Heat stress, from exertion or hot environments, places individuals at risk for illnesses such as heat stroke, heat exhaustion or heat cramps. Children, the elderly, people with chronic illnesses and people who take certain medications like tranquilizers or diuretics are especially at risk for problems from high summer temperatures.

Heat Stroke.  
A condition that occurs when the body becomes unable to control its temperature, and can cause death or permanent disability.

• High body temperature
• Confusion
• Loss of coordination
• Hot, dry skin or profuse sweating
• Throbbing headache
• Seizures, coma

First Aid
• Request immediate medical assistance.
• Move the person to a cool, shaded area.
• Remove excess clothing and apply cool water to their body.

Heat Exhaustion 
The body’s response to an excessive loss of water and salt, usually through sweating.


• Rapid heart beat
• Heavy sweating
• Extreme weakness or fatigue
• Dizziness
• Nausea, vomiting
• Irritability
• Fast, shallow breathing
• Slightly elevated body temperature

First Aid

• Rest in a cool area.
• Drink plenty of water or other cool beverages.
• Take a cool shower, bath, or sponge bath.

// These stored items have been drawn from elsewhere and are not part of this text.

lemma slope_le_integral_right_deriv:
  fixes h :: "'a \<Rightarrow> real \<Rightarrow> real"
  assumes h_meas: "\<And>t. (\<lambda>x. h x t) \<in> borel_measurable Q"
    and h_convex: "\<And>x. x \<in> space Q \<Longrightarrow> convex_on UNIV (h x)"
    and int_right: "\<And>t. integrable Q (\<lambda>x. right_deriv (h x) t)"
    and "c < a"
  shows "((\<integral>x. h x a - h x t0 \<partial>Q) - (\<integral>x. h x c - h x t0 \<partial>Q)) / (a - c) \<le> (\<integral>x. right_deriv (h x) a \<partial>Q)"
proof -
  have "((\<integral>x. h x a - h x t0 \<partial>Q) - (\<integral>x. h x c - h x t0 \<partial>Q)) / (a - c) = (\<integral>x. (h x a - h x c) / (a - c) \<partial>Q)"
    by (rule integral_increment_divide[OF h_meas h_convex int_right])
  also have "\<dots> \<le> (\<integral>x. right_deriv (h x) a \<partial>Q)"
  proof (rule integral_mono)
    show "integrable Q (\<lambda>x. (h x a - h x c) / (a - c))"
      using integrable_convex_increment[OF h_meas h_convex int_right] by simp
    show "(h x a - h x c) / (a - c) \<le> right_deriv (h x) a" if "x \<in> space Q" for x
      using convex_on_right_deriv(3)[OF h_convex[OF that] \<open>c < a\<close>] .
  qed (rule int_right)
  finally show ?thesis .
qed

Heat Cramps   Affect individuals who sweat a lot during strenuous activity. This lowers the body’s salt and moisture levels.

• Muscle cramps, pain, or spasms in the abdomen, arms or legs

First Aid

• Stop all activity, and sit in a cool place.
• Drink clear juice or a sports beverage, or drink water with food. o Avoid salt tablets.
• Do not return to strenuous activity for a few hours after the cramps subside.
• Seek medical attention if you have the following: heart problems, are on a low-sodium diet, or if the cramps do not subside within one hour.

Protect Yourself  
Avoid heavy exertion, extreme heat, sun exposure, and high humidity when possible. When these cannot be avoided, take the following preventative steps:
• Monitor your physical condition and that of your neighbors for signs or symptoms of heat illnesses.
• Wear light-colored, loose-fitting, breathable clothing such as cotton.  Avoid non-breathable synthetic clothing.
• Schedule outdoor activities during the coolest parts of day.
• Try to spend at least part of the day in an air conditioned place like a shopping mall, a store, the library, a friend’s house, or the movies.
• Drink water frequently. Drink enough water that you never become thirsty.